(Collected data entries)
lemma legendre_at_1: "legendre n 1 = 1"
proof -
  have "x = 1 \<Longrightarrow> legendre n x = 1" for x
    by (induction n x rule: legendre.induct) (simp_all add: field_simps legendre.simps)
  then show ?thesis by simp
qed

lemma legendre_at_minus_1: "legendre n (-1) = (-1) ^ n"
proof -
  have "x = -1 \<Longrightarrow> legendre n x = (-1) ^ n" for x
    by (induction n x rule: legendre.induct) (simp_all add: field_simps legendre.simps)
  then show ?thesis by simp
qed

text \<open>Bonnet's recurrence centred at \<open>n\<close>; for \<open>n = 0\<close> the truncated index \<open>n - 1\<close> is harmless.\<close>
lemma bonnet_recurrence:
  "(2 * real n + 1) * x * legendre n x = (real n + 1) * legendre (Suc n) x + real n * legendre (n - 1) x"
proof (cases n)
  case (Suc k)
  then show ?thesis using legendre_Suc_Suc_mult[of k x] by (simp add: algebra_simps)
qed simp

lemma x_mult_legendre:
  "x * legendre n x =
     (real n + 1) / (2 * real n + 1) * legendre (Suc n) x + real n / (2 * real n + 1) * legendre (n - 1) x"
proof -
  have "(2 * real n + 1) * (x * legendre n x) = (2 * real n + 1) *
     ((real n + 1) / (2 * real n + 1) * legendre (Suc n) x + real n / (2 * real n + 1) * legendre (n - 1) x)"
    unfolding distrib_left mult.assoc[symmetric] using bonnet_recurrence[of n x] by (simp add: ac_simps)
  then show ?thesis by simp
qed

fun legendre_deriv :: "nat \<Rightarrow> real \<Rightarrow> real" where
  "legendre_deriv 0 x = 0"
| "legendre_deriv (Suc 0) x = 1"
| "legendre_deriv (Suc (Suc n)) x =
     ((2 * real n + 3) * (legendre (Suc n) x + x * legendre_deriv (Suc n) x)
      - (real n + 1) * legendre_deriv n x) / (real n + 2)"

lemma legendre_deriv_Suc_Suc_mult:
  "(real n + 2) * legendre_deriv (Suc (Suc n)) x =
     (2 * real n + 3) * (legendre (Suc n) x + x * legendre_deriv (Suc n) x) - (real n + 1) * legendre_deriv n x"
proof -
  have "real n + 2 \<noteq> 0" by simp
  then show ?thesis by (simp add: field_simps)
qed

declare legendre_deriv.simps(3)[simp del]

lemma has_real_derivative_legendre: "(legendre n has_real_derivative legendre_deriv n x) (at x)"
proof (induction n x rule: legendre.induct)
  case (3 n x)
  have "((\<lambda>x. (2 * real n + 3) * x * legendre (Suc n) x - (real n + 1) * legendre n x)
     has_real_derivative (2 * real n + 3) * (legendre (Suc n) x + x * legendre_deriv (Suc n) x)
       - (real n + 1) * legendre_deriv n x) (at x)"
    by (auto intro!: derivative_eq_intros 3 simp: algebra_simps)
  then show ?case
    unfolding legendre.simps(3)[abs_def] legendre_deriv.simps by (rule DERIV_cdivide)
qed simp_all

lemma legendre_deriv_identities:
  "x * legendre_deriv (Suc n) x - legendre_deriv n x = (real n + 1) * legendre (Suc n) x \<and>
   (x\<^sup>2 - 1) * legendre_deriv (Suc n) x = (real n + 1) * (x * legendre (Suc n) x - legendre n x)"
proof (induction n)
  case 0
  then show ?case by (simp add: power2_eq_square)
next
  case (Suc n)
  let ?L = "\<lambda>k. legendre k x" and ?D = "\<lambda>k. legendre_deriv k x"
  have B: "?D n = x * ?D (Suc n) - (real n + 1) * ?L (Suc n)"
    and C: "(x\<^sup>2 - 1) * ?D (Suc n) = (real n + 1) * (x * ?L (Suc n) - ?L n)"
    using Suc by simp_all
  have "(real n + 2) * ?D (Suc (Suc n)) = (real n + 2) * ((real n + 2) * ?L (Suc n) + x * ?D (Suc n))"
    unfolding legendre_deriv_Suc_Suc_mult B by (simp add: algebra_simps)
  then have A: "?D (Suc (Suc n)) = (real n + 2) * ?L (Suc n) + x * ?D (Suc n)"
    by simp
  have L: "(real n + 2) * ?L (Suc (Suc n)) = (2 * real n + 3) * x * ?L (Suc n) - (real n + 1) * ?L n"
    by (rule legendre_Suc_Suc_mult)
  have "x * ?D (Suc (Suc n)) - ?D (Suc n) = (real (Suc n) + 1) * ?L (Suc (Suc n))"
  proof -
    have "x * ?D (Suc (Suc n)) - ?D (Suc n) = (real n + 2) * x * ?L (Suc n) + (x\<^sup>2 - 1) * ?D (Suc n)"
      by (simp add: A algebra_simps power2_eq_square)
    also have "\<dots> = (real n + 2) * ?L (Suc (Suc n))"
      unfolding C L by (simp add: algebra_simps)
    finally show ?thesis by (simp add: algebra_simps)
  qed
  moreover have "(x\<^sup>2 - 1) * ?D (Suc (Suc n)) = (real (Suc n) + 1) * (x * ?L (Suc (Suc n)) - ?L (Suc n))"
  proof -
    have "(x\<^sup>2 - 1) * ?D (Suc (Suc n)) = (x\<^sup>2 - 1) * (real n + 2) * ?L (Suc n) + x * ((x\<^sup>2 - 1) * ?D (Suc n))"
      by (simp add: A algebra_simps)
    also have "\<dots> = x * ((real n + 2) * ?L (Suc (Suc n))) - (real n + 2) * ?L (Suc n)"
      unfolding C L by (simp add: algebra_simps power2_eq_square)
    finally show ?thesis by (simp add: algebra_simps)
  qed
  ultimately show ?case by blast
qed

Your assignment
When you output the entries, keep every word exactly as it stands.

Result of this task
lemma legendre_at_1: "legendre n 1 = 1"
proof -
  have "x = 1 \<Longrightarrow> legendre n x = 1" for x
    by (induction n x rule: legendre.induct) (simp_all add: field_simps legendre.simps)
  then show ?thesis by simp
qed

lemma legendre_at_minus_1: "legendre n (-1) = (-1) ^ n"
proof -
  have "x = -1 \<Longrightarrow> legendre n x = (-1) ^ n" for x
    by (induction n x rule: legendre.induct) (simp_all add: field_simps legendre.simps)
  then show ?thesis by simp
qed

text \<open>Bonnet's recurrence centred at \<open>n\<close>; for \<open>n = 0\<close> the truncated index \<open>n - 1\<close> is harmless.\<close>
lemma bonnet_recurrence:
  "(2 * real n + 1) * x * legendre n x = (real n + 1) * legendre (Suc n) x + real n * legendre (n - 1) x"
proof (cases n)
  case (Suc k)
  then show ?thesis using legendre_Suc_Suc_mult[of k x] by (simp add: algebra_simps)
qed simp

lemma x_mult_legendre:
  "x * legendre n x =
     (real n + 1) / (2 * real n + 1) * legendre (Suc n) x + real n / (2 * real n + 1) * legendre (n - 1) x"
proof -
  have "(2 * real n + 1) * (x * legendre n x) = (2 * real n + 1) *
     ((real n + 1) / (2 * real n + 1) * legendre (Suc n) x + real n / (2 * real n + 1) * legendre (n - 1) x)"
    unfolding distrib_left mult.assoc[symmetric] using bonnet_recurrence[of n x] by (simp add: ac_simps)
  then show ?thesis by simp
qed

fun legendre_deriv :: "nat \<Rightarrow> real \<Rightarrow> real" where
  "legendre_deriv 0 x = 0"
| "legendre_deriv (Suc 0) x = 1"
| "legendre_deriv (Suc (Suc n)) x =
     ((2 * real n + 3) * (legendre (Suc n) x + x * legendre_deriv (Suc n) x)
      - (real n + 1) * legendre_deriv n x) / (real n + 2)"

lemma legendre_deriv_Suc_Suc_mult:
  "(real n + 2) * legendre_deriv (Suc (Suc n)) x =
     (2 * real n + 3) * (legendre (Suc n) x + x * legendre_deriv (Suc n) x) - (real n + 1) * legendre_deriv n x"
proof -
  have "real n + 2 \<noteq> 0" by simp
  then show ?thesis by (simp add: field_simps)
qed

declare legendre_deriv.simps(3)[simp del]

lemma has_real_derivative_legendre: "(legendre n has_real_derivative legendre_deriv n x) (at x)"
proof (induction n x rule: legendre.induct)
  case (3 n x)
  have "((\<lambda>x. (2 * real n + 3) * x * legendre (Suc n) x - (real n + 1) * legendre n x)
     has_real_derivative (2 * real n + 3) * (legendre (Suc n) x + x * legendre_deriv (Suc n) x)
       - (real n + 1) * legendre_deriv n x) (at x)"
    by (auto intro!: derivative_eq_intros 3 simp: algebra_simps)
  then show ?case
    unfolding legendre.simps(3)[abs_def] legendre_deriv.simps by (rule DERIV_cdivide)
qed simp_all

lemma legendre_deriv_identities:
  "x * legendre_deriv (Suc n) x - legendre_deriv n x = (real n + 1) * legendre (Suc n) x \<and>
   (x\<^sup>2 - 1) * legendre_deriv (Suc n) x = (real n + 1) * (x * legendre (Suc n) x - legendre n x)"
proof (induction n)
  case 0
  then show ?case by (simp add: power2_eq_square)
next
  case (Suc n)
  let ?L = "\<lambda>k. legendre k x" and ?D = "\<lambda>k. legendre_deriv k x"
  have B: "?D n = x * ?D (Suc n) - (real n + 1) * ?L (Suc n)"
    and C: "(x\<^sup>2 - 1) * ?D (Suc n) = (real n + 1) * (x * ?L (Suc n) - ?L n)"
    using Suc by simp_all
  have "(real n + 2) * ?D (Suc (Suc n)) = (real n + 2) * ((real n + 2) * ?L (Suc n) + x * ?D (Suc n))"
    unfolding legendre_deriv_Suc_Suc_mult B by (simp add: algebra_simps)
  then have A: "?D (Suc (Suc n)) = (real n + 2) * ?L (Suc n) + x * ?D (Suc n)"
    by simp
  have L: "(real n + 2) * ?L (Suc (Suc n)) = (2 * real n + 3) * x * ?L (Suc n) - (real n + 1) * ?L n"
    by (rule legendre_Suc_Suc_mult)
  have "x * ?D (Suc (Suc n)) - ?D (Suc n) = (real (Suc n) + 1) * ?L (Suc (Suc n))"
  proof -
    have "x * ?D (Suc (Suc n)) - ?D (Suc n) = (real n + 2) * x * ?L (Suc n) + (x\<^sup>2 - 1) * ?D (Suc n)"
      by (simp add: A algebra_simps power2_eq_square)
    also have "\<dots> = (real n + 2) * ?L (Suc (Suc n))"
      unfolding C L by (simp add: algebra_simps)
    finally show ?thesis by (simp add: algebra_simps)
  qed
  moreover have "(x\<^sup>2 - 1) * ?D (Suc (Suc n)) = (real (Suc n) + 1) * (x * ?L (Suc (Suc n)) - ?L (Suc n))"
  proof -
    have "(x\<^sup>2 - 1) * ?D (Suc (Suc n)) = (x\<^sup>2 - 1) * (real n + 2) * ?L (Suc n) + x * ((x\<^sup>2 - 1) * ?D (Suc n))"
      by (simp add: A algebra_simps)
    also have "\<dots> = x * ((real n + 2) * ?L (Suc (Suc n))) - (real n + 2) * ?L (Suc n)"
      unfolding C L by (simp add: algebra_simps power2_eq_square)
    finally show ?thesis by (simp add: algebra_simps)
  qed
  ultimately show ?case by blast
qed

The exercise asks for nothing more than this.